#### Records for the exercise:

lemma factorization_exists:
  assumes "prefix_free_on \<omega> S"
    and nonempty: "\<forall>a\<in>S. \<omega> a \<noteq> []"
    and prefixes: "\<forall>n. \<exists>is. length is = n \<and> prefix_factorization \<omega> S x is"
  shows "\<exists>k i. factorization \<omega> S x k i"
proof -
  define P where "P n is \<longleftrightarrow> length is = n \<and> prefix_factorization \<omega> S x is" for n "is"
  have P_unique: "\<exists>!is. P n is" for n
    using prefixes prefix_factorization_unique[OF assms(1)] unfolding P_def by metis
  define f where "f n = (THE is. P n is)" for n
  have P_f: "P n (f n)" for n
    unfolding f_def using P_unique by (rule theI')
  have f_Suc: "f (Suc n) = f n @ [f (Suc n) ! n]" for n
  proof -
    let ?l = "f (Suc n)"
    have "P n (take n ?l)"
      using P_f[of "Suc n"] set_take_subset[of n ?l] prefix_concat_map_take[of \<omega> n ?l]
        word_prefix[of x "concat (map \<omega> ?l)"]
      unfolding P_def prefix_factorization_def by auto
    then have "take n ?l = f n"
      using P_unique P_f by blast
    moreover have "take (Suc n) ?l = ?l" "n < length ?l"
      using P_f[of "Suc n"] unfolding P_def by simp_all
    ultimately show ?thesis
      by (metis take_Suc_conv_app_nth)
  qed
  define i where "i n = f (Suc n) ! n" for n
  define k where "k n = length (concat (map \<omega> (f n)))" for n
  have i_in_S: "i n \<in> S" for n
    using P_f[of "Suc n"] unfolding P_def prefix_factorization_def i_def by auto
  have k_Suc: "k (Suc n) = k n + length (\<omega> (i n))" for n
    unfolding k_def i_def by (subst f_Suc) simp
  have word_k: "word x 0 (k n) = concat (map \<omega> (f n))" for n
    using P_f unfolding P_def prefix_factorization_def k_def by blast
  have "word x (k n) (k (Suc n)) = \<omega> (i n)" for n
  proof -
    have "word x 0 (k (Suc n)) = word x 0 (k n) @ word x (k n) (k (Suc n))"
      using k_Suc by (intro word_append) simp_all
    moreover have "word x 0 (k (Suc n)) = word x 0 (k n) @ \<omega> (i n)"
      unfolding word_k by (subst f_Suc) (simp add: i_def)
    ultimately show ?thesis by simp
  qed
  moreover have "k 0 = 0"
    using P_f[of 0] unfolding P_def k_def by simp
  moreover have "strict_mono k"
    unfolding strict_mono_Suc_iff using k_Suc nonempty i_in_S by simp
  ultimately have "factorization \<omega> S x k i"
    unfolding factorization_def using i_in_S by blast
  then show ?thesis by blast
qed

lemma prefix_factorization_exists:
  assumes "finite S" and x: "x \<in> XA N A"
    and extendable: "\<forall>\<gamma>\<in>Bstar N A. \<exists>\<eta> is. set is \<subseteq> S \<and> \<gamma> @ \<eta> = concat (map \<omega> is)"
  shows "\<exists>is. length is = n \<and> prefix_factorization \<omega> S x is"
proof -
  obtain m where "\<forall>l\<in>length ` \<omega> ` S. l \<le> m"
    using \<open>finite S\<close> finite_nat_set_iff_bounded_le by blast
  then obtain L where "0 < L" and L: "\<forall>a\<in>S. length (\<omega> a) \<le> L"
    by (metis image_eqI le_SucI zero_less_Suc)
  define \<gamma> where "\<gamma> = word x 0 (n * L)"
  obtain \<eta> "is" where "is": "set is \<subseteq> S" "\<gamma> @ \<eta> = concat (map \<omega> is)"
    using extendable word_in_Bstar[OF x] unfolding \<gamma>_def by blast
  have "n * L \<le> length (\<gamma> @ \<eta>)"
    unfolding \<gamma>_def by simp
  also have "\<dots> \<le> length is * L"
    using length_concat_map_le[OF L "is"(1)] "is"(2) by simp
  finally have "n \<le> length is"
    using \<open>0 < L\<close> by simp
  let ?u = "concat (map \<omega> (take n is))"
  have "length ?u \<le> length \<gamma>"
    using length_concat_map_le[OF L, of "take n is"] "is"(1) set_take_subset[of n "is"]
      \<open>n \<le> length is\<close> unfolding \<gamma>_def by simp
  moreover have "prefix ?u (\<gamma> @ \<eta>)"
    unfolding "is"(2) by (rule prefix_concat_map_take)
  ultimately have "prefix ?u \<gamma>"
    by (meson prefix_length_prefix prefixI)
  then have "word x 0 (length ?u) = ?u"
    by (rule word_prefix[rotated]) (simp add: \<gamma>_def)
  then show ?thesis
    using \<open>n \<le> length is\<close> "is"(1) set_take_subset[of n "is"]
    unfolding prefix_factorization_def by (intro exI[of _ "take n is"]) auto
qed

lemma code_concat_inj:
  assumes "is_code N A (\<omega> ` S)" "inj_on \<omega> S" "set is \<subseteq> S" "set js \<subseteq> S"
    and "concat (map \<omega> is) = concat (map \<omega> js)"
  shows "is = js"
proof -
  have "set (map \<omega> is) \<subseteq> \<omega> ` S" "set (map \<omega> js) \<subseteq> \<omega> ` S"
    using assms(3,4) by auto
  then have "map \<omega> is = map \<omega> js"
    using assms(1,5) unfolding is_code_def by blast
  moreover have "inj_on \<omega> (set is \<union> set js)"
    using assms(2-4) by (auto intro: inj_on_subset)
  ultimately show ?thesis
    using inj_on_map_eq_map by blast
qed

lemma code_word_nonempty:
  assumes "is_code N A (\<omega> ` S)" "a \<in> S"
  shows "\<omega> a \<noteq> []"
proof
  assume "\<omega> a = []"
  moreover have "set [\<omega> a] \<subseteq> \<omega> ` S"
    using assms(2) by simp
  moreover have "set [] \<subseteq> \<omega> ` S" by simp
  ultimately have "[\<omega> a] = []"
    using assms(1) unfolding is_code_def by (metis concat.simps(1,2) append_Nil2)
  then show False by simp
qed

lemma prefix_code_prefix_free_on:
  assumes "is_prefix_code N A (\<omega> ` S)" "inj_on \<omega> S"
  shows "prefix_free_on \<omega> S"
  using assms unfolding is_prefix_code_def prefix_free_on_def by (meson image_eqI inj_onD)

lemma extension_from_factorization:
  assumes factorizable: "\<forall>x\<in>XA N A. \<exists>k i. factorization \<omega> S x k i"
    and "\<gamma> \<in> Bstar N A"
  obtains \<eta> "is" where "\<eta> \<in> Bstar N A" "\<gamma> @ \<eta> \<in> Bstar N A"
    "set is \<subseteq> S" "\<gamma> @ \<eta> = concat (map \<omega> is)"
proof (cases "\<gamma> = []")
  case True
  then show thesis
    using that[of "[]" "[]"] by (simp add: Bstar_def)
next
  case False
  obtain x where x: "x \<in> XA N A" "\<gamma> = word x 0 (length \<gamma>)"
    using \<open>\<gamma> \<in> Bstar N A\<close> False by (rule Bstar_nonempty_word)
  obtain k i where fac: "factorization \<omega> S x k i"
    using factorizable x(1) by blast
  let ?n = "length \<gamma>"
  have "?n \<le> k ?n"
    using fac unfolding factorization_def by (simp add: strict_mono_imp_increasing)
  then have split: "word x 0 (k ?n) = \<gamma> @ word x ?n (k ?n)"
    using word_append[of 0 ?n "k ?n" x] by (simp add: x(2)[symmetric])
  show thesis
  proof (rule that)
    show "word x ?n (k ?n) \<in> Bstar N A" "\<gamma> @ word x ?n (k ?n) \<in> Bstar N A"
      using word_in_Bstar[OF x(1)] split by metis+
    show "set (map i [0..<?n]) \<subseteq> S"
      using fac unfolding factorization_def by auto
    show "\<gamma> @ word x ?n (k ?n) = concat (map \<omega> (map i [0..<?n]))"
      using split factorization_word_0[OF fac] by simp
  qed
qed

lemma unique_extension_from_factorization:
  assumes "is_code N A (\<omega> ` S)" "inj_on \<omega> S"
    and "\<forall>x\<in>XA N A. \<exists>k i. factorization \<omega> S x k i" and "\<gamma> \<in> Bstar N A"
  shows "\<exists>\<eta>\<in>Bstar N A. \<gamma> @ \<eta> \<in> Bstar N A \<and>
           (\<exists>!is. set is \<subseteq> S \<and> \<gamma> @ \<eta> = concat (map \<omega> is))"
proof -
  obtain \<eta> "is" where \<eta>: "\<eta> \<in> Bstar N A" "\<gamma> @ \<eta> \<in> Bstar N A"
    and "is": "set is \<subseteq> S" "\<gamma> @ \<eta> = concat (map \<omega> is)"
    using extension_from_factorization[OF assms(3,4)] by blast
  moreover have "js = is" if "set js \<subseteq> S" "\<gamma> @ \<eta> = concat (map \<omega> js)" for js
    using code_concat_inj[OF assms(1,2) that(1) "is"(1)] that(2) "is"(2) by simp
  ultimately show ?thesis by blast
qed

theorem mainTheorem4:
  fixes N M :: nat and A :: "nat \<Rightarrow> nat \<Rightarrow> nat" and \<omega> :: "nat \<Rightarrow> nat list"
  assumes A01: "\<forall>i\<in>{1..N}. \<forall>j\<in>{1..N}. A i j \<in> {0, 1}"
    and inj: "inj_on \<omega> {1..M}"
    and pc: "is_prefix_code N A (\<omega> ` {1..M})"
  shows "(\<forall>\<gamma>\<in>Bstar N A. \<exists>\<eta>\<in>Bstar N A. \<gamma> @ \<eta> \<in> Bstar N A \<and>
            (\<exists>!is. set is \<subseteq> {1..M} \<and> \<gamma> @ \<eta> = concat (map \<omega> is)))
     \<longleftrightarrow>
     (\<forall>x\<in>XA N A. \<exists>!(k, i). k 0 = 0 \<and> strict_mono (k :: nat \<Rightarrow> nat) \<and>
            (\<forall>n. i n \<in> {1..M} \<and> word x (k n) (k (Suc n)) = \<omega> (i n)))"
    (is "?extendable \<longleftrightarrow> ?factorizable")
proof -
  have code: "is_code N A (\<omega> ` {1..M})"
    using pc by (simp add: is_prefix_code_def)
  have prefix_free: "prefix_free_on \<omega> {1..M}"
    using pc inj by (rule prefix_code_prefix_free_on)
  have nonempty: "\<forall>a\<in>{1..M}. \<omega> a \<noteq> []"
    using code_word_nonempty[OF code] by blast
  have factorizable_iff:
    "?factorizable \<longleftrightarrow> (\<forall>x\<in>XA N A. \<exists>k i. factorization \<omega> {1..M} x k i)"
    using factorization_ex1_iff_ex[OF prefix_free] unfolding factorization_def by simp
  show ?thesis
  proof
    assume ?extendable
    then have extendable:
      "\<forall>\<gamma>\<in>Bstar N A. \<exists>\<eta> is. set is \<subseteq> {1..M} \<and> \<gamma> @ \<eta> = concat (map \<omega> is)"
      by blast
    have "\<exists>k i. factorization \<omega> {1..M} x k i" if "x \<in> XA N A" for x
      by (intro factorization_exists[OF prefix_free nonempty] allI
          prefix_factorization_exists[OF finite_atLeastAtMost that extendable])
    then show ?factorizable
      unfolding factorizable_iff by blast
  next
    assume ?factorizable
    then have factorizable: "\<forall>x\<in>XA N A. \<exists>k i. factorization \<omega> {1..M} x k i"
      unfolding factorizable_iff .
    show ?extendable
      by (intro ballI) (rule unique_extension_from_factorization[OF code inj factorizable])
  qed
qed

end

#### What is expected:
A verbatim transcription is required: the first line of the listing, the line containing "unfolding P_def prefix_factorization_def by", and every line between them.

#### Written response:
lemma factorization_exists:
  assumes "prefix_free_on \<omega> S"
    and nonempty: "\<forall>a\<in>S. \<omega> a \<noteq> []"
    and prefixes: "\<forall>n. \<exists>is. length is = n \<and> prefix_factorization \<omega> S x is"
  shows "\<exists>k i. factorization \<omega> S x k i"
proof -
  define P where "P n is \<longleftrightarrow> length is = n \<and> prefix_factorization \<omega> S x is" for n "is"
  have P_unique: "\<exists>!is. P n is" for n
    using prefixes prefix_factorization_unique[OF assms(1)] unfolding P_def by metis
  define f where "f n = (THE is. P n is)" for n
  have P_f: "P n (f n)" for n
    unfolding f_def using P_unique by (rule theI')
  have f_Suc: "f (Suc n) = f n @ [f (Suc n) ! n]" for n
  proof -
    let ?l = "f (Suc n)"
    have "P n (take n ?l)"
      using P_f[of "Suc n"] set_take_subset[of n ?l] prefix_concat_map_take[of \<omega> n ?l]
        word_prefix[of x "concat (map \<omega> ?l)"]
      unfolding P_def prefix_factorization_def by auto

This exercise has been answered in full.